He doesn’t remember a time when he wasn’t planting things, he told us. When he was in high school in Orange County, California, he worked in a plant nursery before
and
after school. At home, he raised palms and succulents that he sold wholesale to that same nursery. His pay, he recalls (this was in the 1950s) was $1.00 an hour. Both of his grandparents had gardens, and his maternal grandmother hybridized irises.
Alfred told Paul and me about growing palm trees and huge citrus trees in their yard in Texas. It was painful to hear the long list of mature plants he had raised that had to be left behind when he relocated to North Carolina.
But Alfred was optimistic and ready to try new things. He planned to grow kiwis, for example. Even though they can be grown in this climate, few people in our area do so.
We went back outside to see the Egyptian walking onions he was
starting — lots of them. Again, this was something no one else in the area was growing. He also had rare palm trees just getting started and unusually shaped cacti.
It was a (mostly) edible plant menagerie.
Before we left, Alfred gave me a “mother of thousands,” an unusual succulent plant from Madagascar, and Paul gave Alfred a loan.
When Alfred approached us a second time about getting help (to build a solar greenhouse), his timing was excellent. I had just spoken to a young man in Hillsborough, which was not far up the road from Alfred’s farm. This young man had heard about Slow Money NC and wanted to support a local farmer. He was also getting a garden of his own going, and I suspected Alfred might be a good resource for him. We set up a time to visit Alfred and see his place, and they spent a couple of hours together. Alfred gave him valuable advice about gardening, and they discussed the possibility of him doing some farming on Alfred’s land, with Alfred as a mentor. Alfred got offered a short-term affordable loan, enough to cover at least some of the cost of a greenhouse.
He managed the rest through sheer resourcefulness:
I used Freecycle for two years to collect material for its construction. Most of the walls were made from used windows & sliding glass doors. Both west and north wood doors and about ½ plywood was obtained from Freecycle donors. The rest of the plywood I salvaged from my home construction from the contractor’s dumpster. In 2009, I purchased 30 plastic barrels inexpensively and plan to use at least eight in the solar greenhouse for solar mass to keep temperatures above freezing in the winter. I have numerous salvaged bricks and concrete blocks to line the floor (additional solar mass) and the exterior perimeter (to prevent creatures from entering). I also plan to put a compost area in the greenhouse, and worms
for heat production. I think that with the solar mass of water barrels, bricks on the floor, worm compost, and insulation of the back north-facing roof and back north wall, I will be able to keep the temperature above freezing in the winter and early spring.

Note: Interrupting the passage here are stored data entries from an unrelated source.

lemma one_mem_pd_mats: "1\<^sub>m n \<in> pd_mats n"
  unfolding pd_mats_iff pos_def_def
proof (intro conjI allI impI)
  fix x :: "nat \<Rightarrow> real"
  assume "\<exists>i<n. x i \<noteq> 0"
  then obtain k where k: "k < n" "x k \<noteq> 0" by blast
  have "quad_form n (\<lambda>i j. 1\<^sub>m n $$ (i, j)) x = (\<Sum>i<n. (x i)\<^sup>2)"
    unfolding quad_form_def by (intro sum.cong refl) (simp add: power2_eq_square if_distrib if_distribR cong: if_cong)
  also have "\<dots> \<ge> (x k)\<^sup>2" using k by (intro member_le_sum) auto
  finally show "quad_form n (\<lambda>i j. 1\<^sub>m n $$ (i, j)) x > 0" using k(2)
    by (meson order.strict_trans2 zero_less_power2)
qed auto

lemma gram_mem_pd_mats:
  assumes "U \<in> carrier_mat n n" and "det U \<noteq> 0"
  shows "U * transpose_mat U \<in> pd_mats n"
  using congruence_mem_pd_mats[OF one_mem_pd_mats, of "transpose_mat U" n] assms
  by (simp add: det_transpose)

lemma pd_mats_det_pos:
  assumes "Z \<in> pd_mats n"
  shows "det Z > 0"
proof -
  obtain U where U: "U \<in> carrier_mat n n" "upper_triangular U" "\<forall>i<n. U $$ (i, i) > 0"
    and Z: "Z = U * transpose_mat U"
    using pd_mats_cholesky[OF assms] .
  have "det Z = (\<Prod>i<n. U $$ (i, i))\<^sup>2"
    unfolding Z by (rule det_mult_transpose_upper_triangular[OF U(2,1)])
  moreover have "(\<Prod>i<n. U $$ (i, i)) > 0" using U(3) by (intro prod_pos) auto
  ultimately show ?thesis by (metis zero_less_power)
qed

lemma pd_mats_inverse:
  assumes Z: "Z \<in> pd_mats n"
  obtains B where "B \<in> pd_mats n" "Z * B = 1\<^sub>m n"
proof -
  have Zc: "Z \<in> carrier_mat n n" by (rule pd_mats_carrier[OF Z])
  have "Z \<in> Units (ring_mat TYPE(real) n ())"
    using det_non_zero_imp_unit[OF Zc] pd_mats_det_pos[OF Z] by simp
  then obtain B where "mat_inverse Z = Some B" using mat_inverse(1)[OF Zc] by fastforce
  then have ZB: "Z * B = 1\<^sub>m n" and Bc: "B \<in> carrier_mat n n"
    using mat_inverse(2)[OF Zc] by auto
  have "det Z * det B = 1" using det_mult[OF Zc Bc] ZB by simp
  then have "det B \<noteq> 0" by auto
  \<comment> \<open>The transpose of B equals B' Z B, so it is congruent to Z, hence positive definite and
    in particular symmetric.\<close>
  have "transpose_mat B = transpose_mat B * Z * B"
    using Zc Bc ZB by (simp add: assoc_mult_mat[of _ n n _ n _ n])
  then have Bt: "transpose_mat B \<in> pd_mats n"
    using congruence_mem_pd_mats[OF Z Bc \<open>det B \<noteq> 0\<close>] by simp
  then have "transpose_mat B = B"
    unfolding pd_mats_def sym_mats_def by (metis (mono_tags, lifting) mem_Collect_eq transpose_transpose)
  then show ?thesis using that Bt ZB by simp
qed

Alfred continued to plant. He added more apples, crabapples, may-haws, medlars, quince, pears, peaches, and plums. He also planted elderberries, blueberries, and raspberries, and several fig varieties. He did all of this with minimal machinery. He was ok with the lack of a tractor, but finally admitted he really needed a tiller to save his back and make his work easier. So, he got a third Slow Money loan to buy a tiller.
The solar-powered greenhouse is up. And he’s using it to grow some unusual plants: three types of palms that survive in the Piedmont, succulents (kalanchoe, agaves, and aloes), and numerous types of cacti. The list of herbs he’s growing is extensive. And there’s still room for “starts” of tomatoes, peppers, and other vegetables.

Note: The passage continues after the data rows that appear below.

(* Let $V$ be a finite-dimensional real inner product space with unit sphere $S$, let $M\subset V$ be a lattice with $M\otimes_{\mathbf Z}\mathbf R=V$ such that the inner product takes integral values on $M\times M$, let $\sigma\subset V$ be a rational polyhedral cone with respect to $M$, and let $f:V\to\mathbf R$ be a linear functional taking integral values on $M$. If $f$ takes a negative value on $\sigma$ and attains its minimum on $S\cap\sigma$ at $s$, then the ray $\mathbf R_{>0}\cdot s$ contains a unique nonzero indivisible lattice point of $M$.
   Context: A polyhedral cone is a finite intersection of half-spaces $\{g\ge0\}$ with $g$ linear; it is rational with respect to $M$ if it can be cut out by half-spaces defined by linear functionals taking integral values on $M$. A lattice point $m\in M$ is indivisible if $m=Nm'$ with $N\in\mathbf N$, $m'\in M$ implies $N=1$. *)

theory Defs
  imports "HOL-Analysis.Analysis"
begin

text \<open>A full-rank lattice in V: the set of integral linear combinations of a basis of V
  (equivalently a discrete subgroup M with M tensor R = V).\<close>
definition full_lattice :: "'a::euclidean_space set \<Rightarrow> bool" where
  "full_lattice M \<longleftrightarrow> (\<exists>B. independent B \<and> span B = UNIV \<and>
      M = {x. \<exists>c::'a \<Rightarrow> int. x = (\<Sum>b\<in>B. of_int (c b) *\<^sub>R b)})"

definition integral_on :: "('a \<Rightarrow> real) \<Rightarrow> 'a set \<Rightarrow> bool" where
  "integral_on g M \<longleftrightarrow> (\<forall>m\<in>M. g m \<in> \<int>)"

definition rational_polyhedral_cone :: "'a::euclidean_space set \<Rightarrow> 'a set \<Rightarrow> bool" where
  "rational_polyhedral_cone M \<sigma> \<longleftrightarrow> (\<exists>G. finite G \<and> (\<forall>g\<in>G. linear g \<and> integral_on g M) \<and>
      \<sigma> = {x. \<forall>g\<in>G. g x \<ge> 0})"

definition indivisible :: "'a::real_vector set \<Rightarrow> 'a \<Rightarrow> bool" where
  "indivisible M m \<longleftrightarrow> (\<forall>(N::nat) m'. m' \<in> M \<and> m = of_nat N *\<^sub>R m' \<longrightarrow> N = 1)"

end

(*
  The minimizer s of f on the sphere within the cone satisfies a Lagrange condition: by
  first-order optimality along lines through s that stay in the cone, f v = f(s) (s . v)
  for every v killed by the constraints active at s.  Hence f(s) s is the component,
  orthogonal to the gradients of the active constraints, of the gradient of f.  Since the
  inner product is integral on M, Gram-Schmidt can be run inside M tensor Q, so all these
  gradients and projections are rational: some positive multiple of s lies in M.
  Integrality of the inner product also makes the lattice points on the ray discrete, so
  they are the multiples of the least one, which is the unique indivisible point.
*)
theory Submission
  imports Defs
begin

lemma eventually_in_polyhedral_cone_along:
  fixes G :: "('a::real_vector \<Rightarrow> real) set"
  assumes "finite G" "\<forall>g\<in>G. linear g" "\<forall>g\<in>G. 0 \<le> g s"
    and "\<forall>g\<in>G. g s = 0 \<longrightarrow> g v = 0"
  shows "\<forall>\<^sub>F e in at (0::real). \<forall>g\<in>G. 0 \<le> g (s + e *\<^sub>R v)"
proof (rule eventually_ball_finite[OF assms(1)], rule ballI)
  fix g assume "g \<in> G"
  then have g_line: "g (s + e *\<^sub>R v) = g s + e * g v" for e
    using assms(2) by (simp add: linear_add linear_scale)
  show "\<forall>\<^sub>F e in at 0. 0 \<le> g (s + e *\<^sub>R v)"
  proof (cases "g s = 0")
    case True
    then have "g v = 0" using assms(4) \<open>g \<in> G\<close> by blast
    then show ?thesis using True by (simp add: g_line)
  next
    case False
    then have "0 < g s" using assms(3) \<open>g \<in> G\<close> by force
    moreover have "((\<lambda>e. g s + e * g v) \<longlongrightarrow> g s + 0 * g v) (at 0)"
      by (intro tendsto_intros)
    ultimately have "\<forall>\<^sub>F e in at 0. 0 < g s + e * g v"
      by (intro order_tendstoD(1)) auto
    then show ?thesis by eventually_elim (simp add: g_line)
  qed
qed

lemma has_real_derivative_norm_along:
  fixes s v :: "'a::real_inner"
  assumes "norm s = 1"
  shows "((\<lambda>e. norm (s + e *\<^sub>R v)) has_real_derivative s \<bullet> v) (at 0)"
proof -
  have "((\<lambda>e. s + e *\<^sub>R v) has_derivative (\<lambda>e. e *\<^sub>R v)) (at 0)"
    by (intro derivative_eq_intros) auto
  moreover have "(norm has_derivative (\<lambda>h. h \<bullet> sgn s)) (at (s + 0 *\<^sub>R v))"
    using has_derivative_norm[of s] assms by force
  ultimately have "((\<lambda>e. norm (s + e *\<^sub>R v)) has_derivative (\<lambda>e. (e *\<^sub>R v) \<bullet> sgn s)) (at 0)"
    by (rule has_derivative_compose)
  then show ?thesis using assms
    by (simp add: has_field_derivative_def sgn_div_norm inner_commute mult_commute_abs)
qed

lemma polyhedral_cone_sphere_minimizer_first_order:
  fixes f :: "'a::real_inner \<Rightarrow> real" and G :: "('a \<Rightarrow> real) set"
  assumes "finite G" "\<forall>g\<in>G. linear g" "\<sigma> = {x. \<forall>g\<in>G. 0 \<le> g x}" "linear f"
    and "s \<in> \<sigma>" "norm s = 1" "\<forall>x\<in>\<sigma>. f s * norm x \<le> f x"
    and "\<forall>g\<in>G. g s = 0 \<longrightarrow> g v = 0"
  shows "f v = f s * (s \<bullet> v)"
proof -
  define \<phi> where "\<phi> e = f s + e * f v - f s * norm (s + e *\<^sub>R v)" for e :: real
  have f_line: "f (s + e *\<^sub>R v) = f s + e * f v" for e
    using assms(4) by (simp add: linear_add linear_scale)
  have "\<forall>g\<in>G. 0 \<le> g s"
    using assms(3,5) by auto
  with assms(1,2,8) have "\<forall>\<^sub>F e in at 0. \<forall>g\<in>G. 0 \<le> g (s + e *\<^sub>R v)"
    by (intro eventually_in_polyhedral_cone_along)
  then have local_min: "\<forall>\<^sub>F e in at 0. \<phi> 0 \<le> \<phi> e"
  proof eventually_elim
    case (elim e)
    then have "f s * norm (s + e *\<^sub>R v) \<le> f (s + e *\<^sub>R v)"
      using assms(3,7) by blast
    then show ?case using assms(6) by (simp add: \<phi>_def f_line)
  qed
  have "(\<phi> has_real_derivative f v - f s * (s \<bullet> v)) (at 0)"
    unfolding \<phi>_def using has_real_derivative_norm_along[OF assms(6)]
    by (auto intro!: derivative_eq_intros)
  with local_min have "(\<lambda>h. h * (f v - f s * (s \<bullet> v))) = (\<lambda>h. 0)"
    unfolding has_field_derivative_def by (intro has_derivative_local_min) (auto simp: mult_commute_abs)
  then show ?thesis by (metis mult_1 right_minus_eq)
qed

lemma cone_sphere_minimizer_bound:
  fixes f :: "'a::real_normed_vector \<Rightarrow> real"
  assumes "linear f" "cone \<sigma>" "\<forall>y\<in>sphere 0 1 \<inter> \<sigma>. f s \<le> f y" "x \<in> \<sigma>"
  shows "f s * norm x \<le> f x"
proof (cases "x = 0")
  case True
  then show ?thesis using assms(1) by (simp add: linear_0)
next
  case False
  then have "(1 / norm x) *\<^sub>R x \<in> sphere 0 1 \<inter> \<sigma>"
    using assms(2,4) unfolding cone_def by simp
  then have "f s \<le> f x / norm x"
    using assms(1,3) by (force simp: linear_scale)
  then show ?thesis
    using False by (simp add: field_simps)
qed

lemma orthogonal_expansion:
  fixes E :: "'a::euclidean_space set"
  assumes "pairwise orthogonal E" "x \<in> span E"
  shows "(\<Sum>e\<in>E. (e \<bullet> x / (e \<bullet> e)) *\<^sub>R e) = x"
proof -
  define d where "d = x - (\<Sum>e\<in>E. (e \<bullet> x / (e \<bullet> e)) *\<^sub>R e)"
  have "(\<Sum>e\<in>E. (e \<bullet> x / (e \<bullet> e)) *\<^sub>R e) \<in> span E"
    by (intro span_sum span_scale span_base)
  then have "d \<in> span E"
    unfolding d_def using assms(2) by (intro span_diff)
  then have "orthogonal d d"
    unfolding d_def by (rule Gram_Schmidt_step[OF assms(1)])
  then show ?thesis by (simp add: d_def orthogonal_def)
qed

lemma orthogonal_residual_eq_scaled:
  fixes w p s :: "'a::real_inner"
  assumes "\<forall>v. (\<forall>u\<in>U. u \<bullet> v = 0) \<longrightarrow> w \<bullet> v = c * (s \<bullet> v)"
    and "\<forall>u\<in>U. u \<bullet> s = 0" "p \<in> span U" "\<forall>u\<in>U. (w - p) \<bullet> u = 0"
  shows "w - p = c *\<^sub>R s"
proof -
  define d where "d = w - p - c *\<^sub>R s"
  have d_orth: "\<forall>u\<in>U. u \<bullet> d = 0"
    using assms(2,4) by (simp add: d_def inner_diff_right inner_commute)
  then have "w \<bullet> d = c * (s \<bullet> d)"
    using assms(1) by blast
  moreover have "p \<bullet> d = 0"
    using orthogonal_to_span[OF assms(3), of d] d_orth
    by (simp add: orthogonal_def inner_commute)
  ultimately have "d \<bullet> d = 0"
    by (simp add: d_def inner_diff_left)
  then show ?thesis by (simp add: d_def)
qed

lemma unique_indivisible_on_ray_generated:
  fixes M :: "'a::real_vector set"
  assumes "m0 \<in> M" "m0 \<noteq> 0" "0 < t0" "m0 = t0 *\<^sub>R s"
    and generated: "\<And>m. m \<in> M \<Longrightarrow> \<exists>t>0. m = t *\<^sub>R s \<Longrightarrow> \<exists>q::nat. m = real q *\<^sub>R m0"
  shows "\<exists>!m. m \<in> M \<and> m \<noteq> 0 \<and> indivisible M m \<and> (\<exists>t>0. m = t *\<^sub>R s)"
proof (rule ex1I[of _ m0])
  have "N = 1" if m': "m' \<in> M" "m0 = real N *\<^sub>R m'" for N m'
  proof -
    have "N \<noteq> 0" using m'(2) assms(2) by auto
    then have "m' = inverse (real N) *\<^sub>R m0"
      using m'(2) by simp
    then have "m' = (t0 / real N) *\<^sub>R s"
      using assms(4) by (simp add: divide_inverse mult.commute)
    moreover have "0 < t0 / real N"
      using assms(3) \<open>N \<noteq> 0\<close> by simp
    ultimately obtain q :: nat where "m' = real q *\<^sub>R m0"
      using generated[OF m'(1)] by blast
    with m'(2) have "1 *\<^sub>R m0 = (real N * real q) *\<^sub>R m0"
      by (metis scaleR_one scaleR_scaleR)
    with assms(2) have "real (N * q) = 1"
      by (metis of_nat_mult scaleR_cancel_right)
    then show "N = 1"
      by (simp only: of_nat_eq_1_iff nat_mult_eq_1_iff)
  qed
  moreover have "\<exists>t>0. m0 = t *\<^sub>R s"
    using assms(3,4) by blast
  ultimately show "m0 \<in> M \<and> m0 \<noteq> 0 \<and> indivisible M m0 \<and> (\<exists>t>0. m0 = t *\<^sub>R s)"
    using assms(1,2) unfolding indivisible_def by blast
next
  fix m assume m: "m \<in> M \<and> m \<noteq> 0 \<and> indivisible M m \<and> (\<exists>t>0. m = t *\<^sub>R s)"
  then obtain q :: nat where "m = real q *\<^sub>R m0"
    using generated by blast
  moreover have "q = 1"
    using m assms(1) \<open>m = real q *\<^sub>R m0\<close> unfolding indivisible_def by blast
  ultimately show "m = m0" by simp
qed

(* For a subgroup M this is M tensor Q, the rational span of M. *)
definition rat_span :: "'a::real_vector set \<Rightarrow> 'a set" where
  "rat_span M = {x. \<exists>n::nat. 0 < n \<and> real n *\<^sub>R x \<in> M}"

lemma linear_integral_on_rat_span:
  assumes "linear g" "integral_on g M" "x \<in> rat_span M"
  shows "g x \<in> \<rat>"
proof -
  obtain n :: nat where n: "0 < n" "real n *\<^sub>R x \<in> M"
    using assms(3) by (auto simp: rat_span_def)
  then have "real n * g x \<in> \<int>"
    using assms(1,2) by (auto simp: integral_on_def linear_scale)
  then have "real n * g x / real n \<in> \<rat>"
    by (intro Rats_divide) (auto simp: Ints_subset_Rats[THEN subsetD])
  then show ?thesis using n(1) by simp
qed

locale int_submodule =
  fixes M :: "'a::real_vector set"
  assumes zero_mem: "0 \<in> M"
    and add_mem: "x \<in> M \<Longrightarrow> y \<in> M \<Longrightarrow> x + y \<in> M"
    and scaleR_int_mem: "x \<in> M \<Longrightarrow> of_int k *\<^sub>R x \<in> M"
begin

lemma subset_rat_span: "M \<subseteq> rat_span M"
  unfolding rat_span_def by (auto intro: exI[of _ 1])

lemma rat_span_add:
  assumes "x \<in> rat_span M" "y \<in> rat_span M"
  shows "x + y \<in> rat_span M"
proof -
  obtain m n :: nat where "0 < m" "real m *\<^sub>R x \<in> M" "0 < n" "real n *\<^sub>R y \<in> M"
    using assms by (auto simp: rat_span_def)
  then have "of_int (int n) *\<^sub>R (real m *\<^sub>R x) + of_int (int m) *\<^sub>R (real n *\<^sub>R y) \<in> M"
    by (intro add_mem scaleR_int_mem)
  also have "of_int (int n) *\<^sub>R (real m *\<^sub>R x) + of_int (int m) *\<^sub>R (real n *\<^sub>R y)
      = real (m * n) *\<^sub>R (x + y)"
    by (simp add: algebra_simps)
  finally have "real (m * n) *\<^sub>R (x + y) \<in> M" .
  moreover have "0 < m * n"
    using \<open>0 < m\<close> \<open>0 < n\<close> by simp
  ultimately show ?thesis
    unfolding rat_span_def by blast
qed

lemma rat_span_scaleR:
  assumes "r \<in> \<rat>" "x \<in> rat_span M"
  shows "r *\<^sub>R x \<in> rat_span M"
proof -
  obtain a :: int and d :: nat where ad: "0 < d" "r = of_int a / real d"
    using assms(1) by (auto simp: Rats_eq_int_div_nat)
  obtain n :: nat where n: "0 < n" "real n *\<^sub>R x \<in> M"
    using assms(2) by (auto simp: rat_span_def)
  have "of_int a *\<^sub>R (real n *\<^sub>R x) \<in> M"
    using n(2) by (rule scaleR_int_mem)
  also have "of_int a *\<^sub>R (real n *\<^sub>R x) = real (d * n) *\<^sub>R (r *\<^sub>R x)"
    using ad by simp
  finally show ?thesis
    unfolding rat_span_def using ad(1) n(1) by (intro CollectI exI[of _ "d * n"]) simp
qed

Alfred’s plants and produce now make up about 80% of his sales, with the baked goods taking a back seat and making up about 20%. Mostly, he sells at the Eno River Farmers Market (with the help of his son) and at the new South Durham Market. But he is also building up his nursery business, propagating plants to sell online to gardeners and to other nurseries.
He built a 144-square foot poultry house for his flock of heritage-breed chickens (Salmon Faverolles), and his bees and beehives are in place, ready to provide pollination and honey.